Monday, December 04, 2006

Barely breathing...

I’m still alive. But just barely.

I started this blog with some many stories and jokes and down right important issues that needed, needed to be written about, by me. Then, my world fell apart, I came unglued and suddenly staring blankly at the computer screen through teary eyes became my favorite past time. This soon vied with listening to my mother cry on my shoulder, to see what could corner the bulk of my attention.

Not that I’m complaining, it’s important that I be here for my mother, but there is something so fundamentally wrong about having your mother come running to you with problems and tears and fears. It’s as if a pole has shifted, and all of the sudden I’m the adult with all the right answers who calms her down and tells her it will be alright. For nigh upon 25 years that role has been hers, and hers alone, and I’m not ready for it yet. I’ve never really been or acted like much of a “child”, but I’ve always been my mother’s daughter, and I’m not ready for that to change. At 24 years old, I was not prepared to have to begin facing my parent’s mortality. It’s not like they’re old, my dad is just 7 months shy of turning 50, and my mom a few months shy of 48. If they were older, like my husband’s parents, in their 60’s, I might be more prepared for it, I don’t know. I just don’t know if children ever become prepared to assume the roll of provider and caretaker for their parents, whether it’s emotionally or physically providing for them.
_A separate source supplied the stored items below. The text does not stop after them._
text \<open>A negative value of g at t1 survives convolution with a short pulse, while the response
  is zero before the pulse and only slightly negative long after it.\<close>

lemma nonneg_if_strongly_unimodal_kernel:
  fixes g :: "real \<Rightarrow> real"
  assumes su: "strongly_unimodal_kernel g" and causal: "\<And>x. x < 0 \<Longrightarrow> g x = 0"
    and cont: "continuous_on {0..} g" and lim: "(g \<longlongrightarrow> 0) at_top"
  shows "0 \<le> g t\<^sub>1"
proof (rule ccontr)
  assume "\<not> 0 \<le> g t\<^sub>1"
  define v where "v = g t\<^sub>1"
  have "v < 0" "0 \<le> t\<^sub>1"
    using \<open>\<not> 0 \<le> g t\<^sub>1\<close> causal[of t\<^sub>1] by (auto simp: v_def not_less)
  obtain e where "0 < e" and near: "\<And>x. 0 \<le> x \<Longrightarrow> dist x t\<^sub>1 < e \<Longrightarrow> dist (g x) v < - v / 2"
    using cont \<open>0 \<le> t\<^sub>1\<close> \<open>v < 0\<close> unfolding continuous_on_iff v_def
    by (metis atLeast_iff neg_0_less_iff_less half_gt_zero)
  define \<epsilon> where "\<epsilon> = e / 2"
  have "0 < \<epsilon>" using \<open>0 < e\<close> by (simp add: \<epsilon>_def)
  obtain X where far: "\<And>x. X \<le> x \<Longrightarrow> v / 4 < g x"
    using order_tendstoD(1)[OF lim, of "v / 4"] \<open>v < 0\<close> by (auto simp: eventually_at_top_linorder)
  define T where "T = max X (t\<^sub>1 + \<epsilon>) + \<epsilon> + 1"
  define h where "h = convolution g (indicator {0..\<epsilon>})"
  have int: "integrable lborel (\<lambda>\<tau>. g (t - \<tau>) * indicator {0..\<epsilon>} \<tau>)" for t
    by (rule integrable_causal_kernel_indicator[OF causal cont, of _ 0]) auto
  have "(\<lambda>\<tau>. g (-1 - \<tau>) * indicator {0..\<epsilon>} \<tau>) = (\<lambda>\<tau>. 0)"
    by (rule ext) (simp add: causal indicator_def)
  then have "h (-1) = 0"
    by (simp add: h_def convolution_def)
  moreover have "h (t\<^sub>1 + \<epsilon>) \<le> \<epsilon> * (v / 2)"
    unfolding h_def
  proof (rule convolution_pulse_le[OF _ int])
    fix \<tau> assume "0 \<le> \<tau>" "\<tau> \<le> \<epsilon>"
    then show "g (t\<^sub>1 + \<epsilon> - \<tau>) \<le> v / 2"
      using near[of "t\<^sub>1 + \<epsilon> - \<tau>"] \<open>0 \<le> t\<^sub>1\<close> \<open>0 < e\<close> by (auto simp: \<epsilon>_def dist_real_def)
  qed (rule \<open>0 < \<epsilon>\<close>)
  moreover have "\<epsilon> * (v / 4) \<le> h T"
    unfolding h_def
  proof (rule convolution_pulse_ge[OF \<open>0 < \<epsilon>\<close> int])
    fix \<tau> assume "0 \<le> \<tau>" "\<tau> \<le> \<epsilon>"
    then have "X \<le> T - \<tau>" by (simp add: T_def max_def)
    then show "v / 4 \<le> g (T - \<tau>)" using far by (simp add: less_imp_le)
  qed
  moreover have "quasi_concave h"
    unfolding h_def using quasi_concave_indicator_Icc int
    by (intro su[unfolded strongly_unimodal_kernel_def, rule_format]) simp
  then have "min (h (-1)) (h T) \<le> h (t\<^sub>1 + \<epsilon>)"
    using \<open>0 \<le> t\<^sub>1\<close> \<open>0 < \<epsilon>\<close>
    by (intro quasi_concave_iff_between[THEN iffD1, rule_format]) (auto simp: T_def)
  moreover have "\<epsilon> * (v / 2) < \<epsilon> * (v / 4)" "\<epsilon> * (v / 4) < 0"
    using \<open>0 < \<epsilon>\<close> \<open>v < 0\<close> by (simp_all add: mult_pos_neg)
  ultimately show False
    by (smt (verit))
qed

lemma tendsto_exp_neg_at_top:
  fixes l :: real
  assumes "l < 0"
  shows "((\<lambda>t. exp (l * t)) \<longlongrightarrow> 0) at_top"
proof -
  have "filterlim (\<lambda>t. l * t) at_bot at_top"
    by (rule filterlim_tendsto_neg_mult_at_bot[OF tendsto_const assms filterlim_ident])
  then show ?thesis by (rule filterlim_compose[OF exp_at_bot])
qed
(* Let $n \geq 10$, $l = \lfloor n/2 \rfloor$, let $V$ be a real vector space with basis $\varepsilon_1,\dots,\varepsilon_l$, and let $\Delta = \{\sum_{i=1}^l k_i\varepsilon_i \mid k_i \in \{0,\pm1\}\} \setminus \{0\}$ (the root system of the Cartan type Lie superalgebra $H(n)$). Then $\Delta$ has a parabolic subset which is not strongly parabolic.
   Context: A subset $P \subset \Delta$ is parabolic if $\Delta = P \cup -P$ and $\alpha,\beta\in P$, $\alpha+\beta\in\Delta$ imply $\alpha+\beta\in P$. A triangular decomposition $\Delta = \Delta^-\sqcup\Delta^0\sqcup\Delta^+$ is given by some $\lambda\in V^*$ via $\Delta^0 = \Delta\cap\ker\lambda$, $\Delta^\pm = \{\alpha\in\Delta \mid \lambda(\alpha)\gtrless0\}$. $P \subset \Delta$ is strongly parabolic (recursively) if $P = \Delta$, or $P = P^0\sqcup\Delta^+$ for some triangular decomposition (with function $\lambda$) and some $P^0\subset\Delta^0$ which is strongly parabolic as a subset of $\Delta^0$ regarded in the vector space $\ker\lambda$. *)

theory Defs
  imports "HOL-Analysis.Analysis"
begin

definition parabolic :: "'a::real_vector set \<Rightarrow> 'a set \<Rightarrow> bool" where
  "parabolic D P \<longleftrightarrow> P \<subseteq> D \<and> D = P \<union> uminus ` P \<and>
     (\<forall>a\<in>P. \<forall>b\<in>P. a + b \<in> D \<longrightarrow> a + b \<in> P)"

text \<open>A functional on the subspace
  ker lambda is the restriction of a linear functional on the whole space, so the
  recursion quantifies over linear functionals on the ambient space.\<close>
inductive strongly_parabolic :: "'a::real_vector set \<Rightarrow> 'a set \<Rightarrow> bool" where
  sp_all: "strongly_parabolic D D"
| sp_step: "linear (f :: 'a \<Rightarrow> real) \<Longrightarrow>
     strongly_parabolic {a \<in> D. f a = 0} P0 \<Longrightarrow>
     strongly_parabolic D (P0 \<union> {a \<in> D. f a > 0})"

text \<open>Root system of H(n): nonzero vectors with all coordinates in {0,1,-1}
  in the space with basis indexed by 'l (of cardinality floor(n/2)).\<close>
definition H_roots :: "(real ^ 'l) set" where
  "H_roots = {v. (\<forall>i. v $ i \<in> {-1, 0, 1}) \<and> v \<noteq> 0}"

end

theory Submission
  imports Defs
begin

text \<open>A strongly parabolic subset P is cut out, level by level, by linear functionals, so
  the roots outside P admit no nontrivial nonnegative relation. In H(n) with at least five
  coordinates, take the functional with weights (4, 5, 10, -2, -1) on five coordinates.
  The roots in its kernel project to 0 or to one of the eight patterns plus or minus u1, ...,
  u4, where u1 + u2 + u3 + u4 = 0 and no sum of two of the patterns -u_i is again a sign
  pattern. Hence keeping the kernel roots that do not project to any u_i is parabolic in
  the kernel, and extending by the positive roots gives a parabolic set whose complement
  contains the zero-sum family lifting u1, ..., u4.\<close>

lemma strongly_parabolic_subset: "strongly_parabolic D P \<Longrightarrow> P \<subseteq> D"
  by (induction rule: strongly_parabolic.induct) auto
I don’t know if it ever gets easier, but that’s what I keep telling myself, amidst the tears, that it has to get easier.

Our Vegas trip was wonderful, though Wayne Newton cancelled his Thanksgiving day show and we didn’t get to see him. We also did not get nearly as much sleep as I am accustomed to getting on vacation, but we had a really swell time. We won money at the blackjack tables, and lost minimal amounts to the slot machines. The video poker machines were my favorite, and it took very little to turn me into a zombie! The “Love” show was absolutely phenomenal, something that I would see over and over and over again, all in a row! Blue Man Group was also fantastic, it was the most interactive show I have ever seen, and it was spectacular. If I ever get back to Vegas, I would definitely see those two shows again. We enjoyed the Luxor, and made our way to the Tropicana, the Vinetian, the Bellagio, New York New York and the Stratosphere. We only gambled in the Tropicana, as that’s where the $5 blackjack tables were! No high rollers here!
The one major disappointment I would have to voice about Vegas was the food. Granted we didn’t eat at any 5 Star joints, but we ate at some pretty expensive places, in very nice hotels, and I thought it was just “ehh”. Coming from Dallas where there are more restaurants per capita than anywhere in North America, maybe I’m just a little spoiled. Thanks to my location, my family’s love for fine food, and my husband’s influence, I have eaten at some of the best restaurants all over the Southern United States, and Vegas just did not stack up like I thought it would. I guess next time we’ll have to spring for the $300+ meals, which is sad, since we could get much better here in Dallas for much cheaper.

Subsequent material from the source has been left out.